EXERCISE DESCRIPTION: Nothing but the lines from the one containing "('u \<Rightarrow> 'v::finite" through the last line of the records below should be written out, each exactly as it stands.

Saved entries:
--- START ---

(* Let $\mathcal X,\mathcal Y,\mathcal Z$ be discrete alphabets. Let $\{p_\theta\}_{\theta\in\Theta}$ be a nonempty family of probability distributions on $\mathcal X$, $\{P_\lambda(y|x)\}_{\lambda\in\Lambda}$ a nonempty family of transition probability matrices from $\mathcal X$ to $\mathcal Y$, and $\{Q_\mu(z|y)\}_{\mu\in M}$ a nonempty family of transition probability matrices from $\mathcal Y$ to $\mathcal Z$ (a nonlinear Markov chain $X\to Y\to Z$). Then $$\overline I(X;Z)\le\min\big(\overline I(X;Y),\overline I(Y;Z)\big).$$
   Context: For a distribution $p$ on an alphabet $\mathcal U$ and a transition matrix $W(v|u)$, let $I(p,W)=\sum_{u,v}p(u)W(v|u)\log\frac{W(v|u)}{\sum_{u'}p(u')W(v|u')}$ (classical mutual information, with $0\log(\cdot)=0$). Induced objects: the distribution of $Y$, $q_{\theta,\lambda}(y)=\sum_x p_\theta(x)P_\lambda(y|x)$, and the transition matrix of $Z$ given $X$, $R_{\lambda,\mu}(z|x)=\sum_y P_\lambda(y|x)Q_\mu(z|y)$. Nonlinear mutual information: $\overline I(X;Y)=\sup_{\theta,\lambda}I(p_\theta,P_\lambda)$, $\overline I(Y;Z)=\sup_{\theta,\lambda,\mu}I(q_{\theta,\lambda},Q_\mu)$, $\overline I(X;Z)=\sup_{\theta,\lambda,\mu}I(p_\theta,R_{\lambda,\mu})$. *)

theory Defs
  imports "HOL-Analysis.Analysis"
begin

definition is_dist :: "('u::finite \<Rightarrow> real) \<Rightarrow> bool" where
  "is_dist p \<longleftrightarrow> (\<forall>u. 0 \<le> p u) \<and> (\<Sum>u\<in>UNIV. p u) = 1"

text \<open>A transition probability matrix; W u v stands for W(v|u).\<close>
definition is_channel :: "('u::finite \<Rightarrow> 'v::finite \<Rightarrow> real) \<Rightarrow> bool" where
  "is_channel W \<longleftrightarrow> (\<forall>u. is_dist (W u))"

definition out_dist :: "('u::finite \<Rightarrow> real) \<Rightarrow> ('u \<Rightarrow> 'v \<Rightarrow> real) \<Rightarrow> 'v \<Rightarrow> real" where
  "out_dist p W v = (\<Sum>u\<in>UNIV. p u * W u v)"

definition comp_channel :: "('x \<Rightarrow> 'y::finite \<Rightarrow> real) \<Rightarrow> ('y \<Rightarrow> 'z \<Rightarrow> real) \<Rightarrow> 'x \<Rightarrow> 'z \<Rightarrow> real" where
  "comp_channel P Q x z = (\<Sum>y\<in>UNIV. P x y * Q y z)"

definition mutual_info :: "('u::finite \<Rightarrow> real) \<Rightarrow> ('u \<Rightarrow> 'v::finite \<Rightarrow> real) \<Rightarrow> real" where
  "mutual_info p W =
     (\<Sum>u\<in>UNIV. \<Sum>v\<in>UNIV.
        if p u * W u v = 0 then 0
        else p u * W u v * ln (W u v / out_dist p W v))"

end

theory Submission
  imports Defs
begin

--- END ---

ANSWER TO THE EXERCISE:
definition mutual_info :: "('u::finite \<Rightarrow> real) \<Rightarrow> ('u \<Rightarrow> 'v::finite \<Rightarrow> real) \<Rightarrow> real" where
  "mutual_info p W =
     (\<Sum>u\<in>UNIV. \<Sum>v\<in>UNIV.
        if p u * W u v = 0 then 0
        else p u * W u v * ln (W u v / out_dist p W v))"

end

theory Submission
  imports Defs
begin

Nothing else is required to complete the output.